The user is exhibiting classic signs of caregiver fatigue, often amplified when the role of the ‘responsible one’ is deeply ingrained in family dynamics. By consistently stepping in to cover costs, especially for non-emergencies like amusement park tickets, the user has inadvertently created a dynamic where her brother and mother expect her financial assistance to be available. Her refusal to go is a necessary, albeit abrupt, attempt to establish a boundary regarding shared expenses. The family’s response—guilt-tripping by mentioning the children or labeling her as ‘cold-hearted’—is a common defense mechanism used to maintain the status quo and avoid personal accountability.

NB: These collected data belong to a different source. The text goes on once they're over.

(* Assume in addition that $f_i'(u)+1\neq 0$ for all $u\in\mathbb R$ and all $1\le i\le k$. Then $\mathcal M_F$ is $0$-modeled on $\mathcal V=(\mathbb R^{3k+2},(\cdot,\cdot),R)$: for every point $P\in\mathbb R^{3k+2}$ there is a linear isometry $\Phi_P:(T_P\mathbb R^{3k+2},g_F|_P)\to(\mathbb R^{3k+2},(\cdot,\cdot))$ with $\Phi_P^*R=R_P$, where $R_P$ is the curvature tensor of $g_F$ at $P$. Equivalently, every tangent space $T_P\mathcal M_F$ admits a normalized basis with respect to $g_F|_P$ and $R_P$. In particular $\mathcal M_F$ is $0$-curvature homogeneous.
   Context: Fix an integer $k\ge 1$ and signs $\varepsilon_1,\dots,\varepsilon_k\in\{\pm1\}$. Let $f_1,\dots,f_k:\mathbb R\to\mathbb R$ be smooth functions and $F=(f_1,\dots,f_k)$. On $\mathbb R^{3k+2}$ with coordinates $(u_0,\dots,u_k,v_0,\dots,v_k,s_1,\dots,s_k)$ let $g_F$ be the symmetric metric whose only nonzero components on coordinate vector fields are (up to symmetry), for $1\le i\le k$ and $0\le i',j\le k$: $g_F(\partial_{u_0},\partial_{u_i})=2f_i(u_i)s_i$, $g_F(\partial_{u_i},\partial_{u_i})=-2u_0s_i$, $g_F(\partial_{u_{i'}},\partial_{v_j})=\delta_{i'j}$, $g_F(\partial_{s_i},\partial_{s_i})=\varepsilon_i$. Write $\mathcal M_F=(\mathbb R^{3k+2},g_F)$, $\nabla$ for its Levi-Civita connection and $R(X,Y,Z,W)=g_F(\nabla_X\nabla_YZ-\nabla_Y\nabla_XZ-\nabla_{[X,Y]}Z,W)$. Model: let $V=\mathbb R^{3k+2}$ with basis $\{U_0,\dots,U_k,V_0,\dots,V_k,S_1,\dots,S_k\}$, let $(\cdot,\cdot)$ be the symmetric inner product whose only nonzero values on pairs of basis vectors are $(U_i,V_i)=(V_i,U_i)=1$ for $0\le i\le k$ and $(S_i,S_i)=\varepsilon_i$ for $1\le i\le k$, and let $R$ be the algebraic curvature tensor on $V$ (a 4-linear form with $R(x,y,z,w)=-R(y,x,z,w)=R(z,w,x,y)$ and $R(x,y,z,w)+R(y,z,x,w)+R(z,x,y,w)=0$) whose only nonzero values on 4-tuples of basis vectors are those obtained from $R(U_0,U_i,U_i,S_i)=1$ ($1\le i\le k$) by these symmetries. Set $\mathcal V=(V,(\cdot,\cdot),R)$. Given a vector space $W$ with a symmetric bilinear form $\langle\cdot,\cdot\rangle$ and a 4-tensor $T$, a normalized basis of $(W,\langle\cdot,\cdot\rangle,T)$ is a basis $\{U_0',\dots,U_k',V_0',\dots,V_k',S_1',\dots,S_k'\}$ on which $\langle\cdot,\cdot\rangle$ and $T$ take exactly the values just described for $(\cdot,\cdot)$ and $R$ on the standard basis. *)

theory Defs
  imports "HOL-Analysis.Analysis"
begin

text \<open>Points of and tangent vectors at R^N (N = 3k+2) are represented
  as functions nat => real, only the components with index < N being relevant.
  Coordinate indices: u_i is index i (0 <= i <= k), v_j is index k+1+j (0 <= j <= k),
  s_i is index 2k+1+i (1 <= i <= k).  The same index layout is used for the basis
  U_0..U_k, V_0..V_k, S_1..S_k of the model space.\<close>

definition smooth_fun :: "(real \<Rightarrow> real) \<Rightarrow> bool" where
  "smooth_fun f \<longleftrightarrow> (\<forall>m x. ((deriv ^^ m) f) differentiable (at x))"

definition pd :: "((nat \<Rightarrow> real) \<Rightarrow> real) \<Rightarrow> nat \<Rightarrow> (nat \<Rightarrow> real) \<Rightarrow> real" where
  "pd h a x = deriv (\<lambda>t. h (x(a := t))) (x a)"

definition gF :: "nat \<Rightarrow> (nat \<Rightarrow> real) \<Rightarrow> (nat \<Rightarrow> real \<Rightarrow> real)
                  \<Rightarrow> (nat \<Rightarrow> real) \<Rightarrow> nat \<Rightarrow> nat \<Rightarrow> real" where
  "gF k eps F x a b =
     (if a = 0 \<and> 1 \<le> b \<and> b \<le> k then 2 * F b (x b) * x (2*k+1+b)
      else if b = 0 \<and> 1 \<le> a \<and> a \<le> k then 2 * F a (x a) * x (2*k+1+a)
      else if a = b \<and> 1 \<le> a \<and> a \<le> k then - 2 * x 0 * x (2*k+1+a)
      else if a \<le> k \<and> b = a + k + 1 then 1
      else if b \<le> k \<and> a = b + k + 1 then 1
      else if a = b \<and> 2*k+2 \<le> a \<and> a < 3*k+2 then eps (a - (2*k+1))
      else 0)"

definition Gamma1 :: "((nat \<Rightarrow> real) \<Rightarrow> nat \<Rightarrow> nat \<Rightarrow> real) \<Rightarrow> nat \<Rightarrow> nat \<Rightarrow> nat
                      \<Rightarrow> (nat \<Rightarrow> real) \<Rightarrow> real" where
  "Gamma1 g a b c x =
     (pd (\<lambda>y. g y b c) a x + pd (\<lambda>y. g y a c) b x - pd (\<lambda>y. g y a b) c x) / 2"

definition Gamma2 :: "((nat \<Rightarrow> real) \<Rightarrow> nat \<Rightarrow> nat \<Rightarrow> real) \<Rightarrow> nat \<Rightarrow> (nat \<Rightarrow> real)
                      \<Rightarrow> nat \<Rightarrow> nat \<Rightarrow> nat \<Rightarrow> real" where
  "Gamma2 g n x a b = (THE C. (\<forall>e\<ge>n. C e = 0) \<and>
        (\<forall>d<n. (\<Sum>e<n. C e * g x e d) = Gamma1 g a b d x))"

text \<open>R(partial_a, partial_b, partial_c, partial_d) at x, with
  R(X,Y,Z,W) = g(nabla_X nabla_Y Z - nabla_Y nabla_X Z - nabla_[X,Y] Z, W)
  (coordinate fields commute).\<close>
definition curv :: "((nat \<Rightarrow> real) \<Rightarrow> nat \<Rightarrow> nat \<Rightarrow> real) \<Rightarrow> nat
                    \<Rightarrow> (nat \<Rightarrow> real) \<Rightarrow> nat \<Rightarrow> nat \<Rightarrow> nat \<Rightarrow> nat \<Rightarrow> real" where
  "curv g n x a b c d =
     (\<Sum>e<n. pd (\<lambda>y. Gamma2 g n y b c e) a x * g x e d
             + Gamma2 g n x b c e * Gamma1 g a e d x)
   - (\<Sum>e<n. pd (\<lambda>y. Gamma2 g n y a c e) b x * g x e d
             + Gamma2 g n x a c e * Gamma1 g b e d x)"

definition model_ip :: "nat \<Rightarrow> (nat \<Rightarrow> real) \<Rightarrow> nat \<Rightarrow> nat \<Rightarrow> real" where
  "model_ip k eps a b =
     (if (a \<le> k \<and> b = a + k + 1) \<or> (b \<le> k \<and> a = b + k + 1) then 1
      else if a = b \<and> 2*k+2 \<le> a \<and> a < 3*k+2 then eps (a - (2*k+1))
      else 0)"

text \<open>Model curvature tensor on basis indices: the orbit of R(U_0,U_i,U_i,S_i) = 1
  under the symmetries of an algebraic curvature tensor; all other values 0.\<close>
definition model_R :: "nat \<Rightarrow> nat \<Rightarrow> nat \<Rightarrow> nat \<Rightarrow> nat \<Rightarrow> real" where
  "model_R k a b c d = (\<Sum>i\<in>{1..k}.
     (let s = 2*k+1+i in
       (if (a,b,c,d) = (0,i,i,s) then 1 else 0)
     + (if (a,b,c,d) = (i,0,i,s) then -1 else 0)
     + (if (a,b,c,d) = (0,i,s,i) then -1 else 0)
     + (if (a,b,c,d) = (i,0,s,i) then 1 else 0)
     + (if (a,b,c,d) = (i,s,0,i) then 1 else 0)
     + (if (a,b,c,d) = (s,i,0,i) then -1 else 0)
     + (if (a,b,c,d) = (i,s,i,0) then -1 else 0)
     + (if (a,b,c,d) = (s,i,i,0) then 1 else 0)))"

definition bil :: "nat \<Rightarrow> (nat \<Rightarrow> nat \<Rightarrow> real) \<Rightarrow> (nat \<Rightarrow> real) \<Rightarrow> (nat \<Rightarrow> real) \<Rightarrow> real" where
  "bil n B v w = (\<Sum>a<n. \<Sum>b<n. B a b * v a * w b)"

definition quad4 :: "nat \<Rightarrow> (nat \<Rightarrow> nat \<Rightarrow> nat \<Rightarrow> nat \<Rightarrow> real)
                     \<Rightarrow> (nat \<Rightarrow> real) \<Rightarrow> (nat \<Rightarrow> real) \<Rightarrow> (nat \<Rightarrow> real) \<Rightarrow> (nat \<Rightarrow> real) \<Rightarrow> real" where
  "quad4 n T v1 v2 v3 v4 =
     (\<Sum>a<n. \<Sum>b<n. \<Sum>c<n. \<Sum>d<n. T a b c d * v1 a * v2 b * v3 c * v4 d)"

definition mv :: "nat \<Rightarrow> (nat \<Rightarrow> nat \<Rightarrow> real) \<Rightarrow> (nat \<Rightarrow> real) \<Rightarrow> nat \<Rightarrow> real" where
  "mv n M v = (\<lambda>a. \<Sum>b<n. M a b * v b)"

definition invertible_mat :: "nat \<Rightarrow> (nat \<Rightarrow> nat \<Rightarrow> real) \<Rightarrow> bool" where
  "invertible_mat n M \<longleftrightarrow> (\<exists>N. \<forall>a<n. \<forall>b<n.
      (\<Sum>c<n. M a c * N c b) = (if a = b then 1 else 0) \<and>
      (\<Sum>c<n. N a c * M c b) = (if a = b then 1 else 0))"

definition lin_indep_basis :: "nat \<Rightarrow> (nat \<Rightarrow> nat \<Rightarrow> real) \<Rightarrow> bool" where
  "lin_indep_basis n Bv \<longleftrightarrow>
     (\<forall>c. (\<forall>a<n. (\<Sum>j<n. c j * Bv j a) = 0) \<longrightarrow> (\<forall>j<n. c j = 0))"

end

theory Submission
  imports Defs
begin

text \<open>
  Besides the flat model inner product, \<open>g_F\<close> has only the coefficients \<open>2 f_i(u_i) s_i\<close> of
  \<open>du_0 du_i\<close> and \<open>-2 u_0 s_i\<close> of \<open>du_i\<^sup>2\<close>. Nothing depends on the \<open>v_j\<close> and the rows
  \<open>g(\<partial>v_j, \<cdot>) = du_j\<close>, \<open>g(\<partial>s_i, \<cdot>) = \<epsilon>_i ds_i\<close> are constant, so the Christoffel symbols of
  the first kind vanish as soon as one index is a \<open>v_j\<close>, and raising their index does not depend
  on the point. With \<open>A_i = du_0 \<and> du_i\<close>, \<open>B_i = du_i \<and> ds_i\<close> and \<open>c_i = 1 + f_i'(u_i)\<close> the
  curvature tensor comes out as
  \<open>R_P = \<Sum>_i c_i (A_i \<otimes> B_i + B_i \<otimes> A_i) - \<epsilon>_i f_i(u_i)\<^sup>2 A_i \<otimes> A_i\<close>.
  As \<open>c_i \<noteq> 0\<close>, rescaling \<open>du_i\<close> by \<open>\<surd>|c_i|\<close> and shearing \<open>ds_i\<close> along \<open>du_0\<close> turns the model
  tensor \<open>\<Sum>_i (A_i \<otimes> B_i + B_i \<otimes> A_i)\<close> into \<open>R_P\<close>, and correcting the \<open>dv_j\<close> makes this
  change of coframe an isometry onto the model inner product. Composing two such frames gives
  curvature homogeneity.
\<close>

definition kdelta :: "nat \<Rightarrow> nat \<Rightarrow> real" where
  "kdelta p a = (if a = p then 1 else 0)"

The user’s action of saying ‘no’ was an appropriate measure to reclaim her financial autonomy and stop enabling a long-term pattern. For future interactions, a constructive recommendation would be to communicate boundaries proactively and specifically, rather than through outright refusal of participation. For example, she could attend a shorter part of the trip, or offer a fixed, small contribution that she explicitly states is for shared utilities only, making it clear beforehand that no other expenses will be covered.
THE COMMENTS SECTION WENT WILD – REDDIT HAD *A LOT* TO SAY ABOUT THIS ONE.





















The user feels exhausted from consistently covering the financial shortfalls of her brother’s family, believing that attending the trip under the current circumstances would enable their irresponsible spending habits. However, the intense backlash from her family, accusing her of being cold-hearted and punishing the children, has caused her to doubt whether setting this firm boundary was an overreaction.
The core issue is whether the user was justified in refusing to attend the family vacation to protect her finances and stop enabling her brother, or if her refusal constituted unfairly punishing innocent parties like the children. Readers are asked to consider where the line should be drawn between family support and financial self-preservation.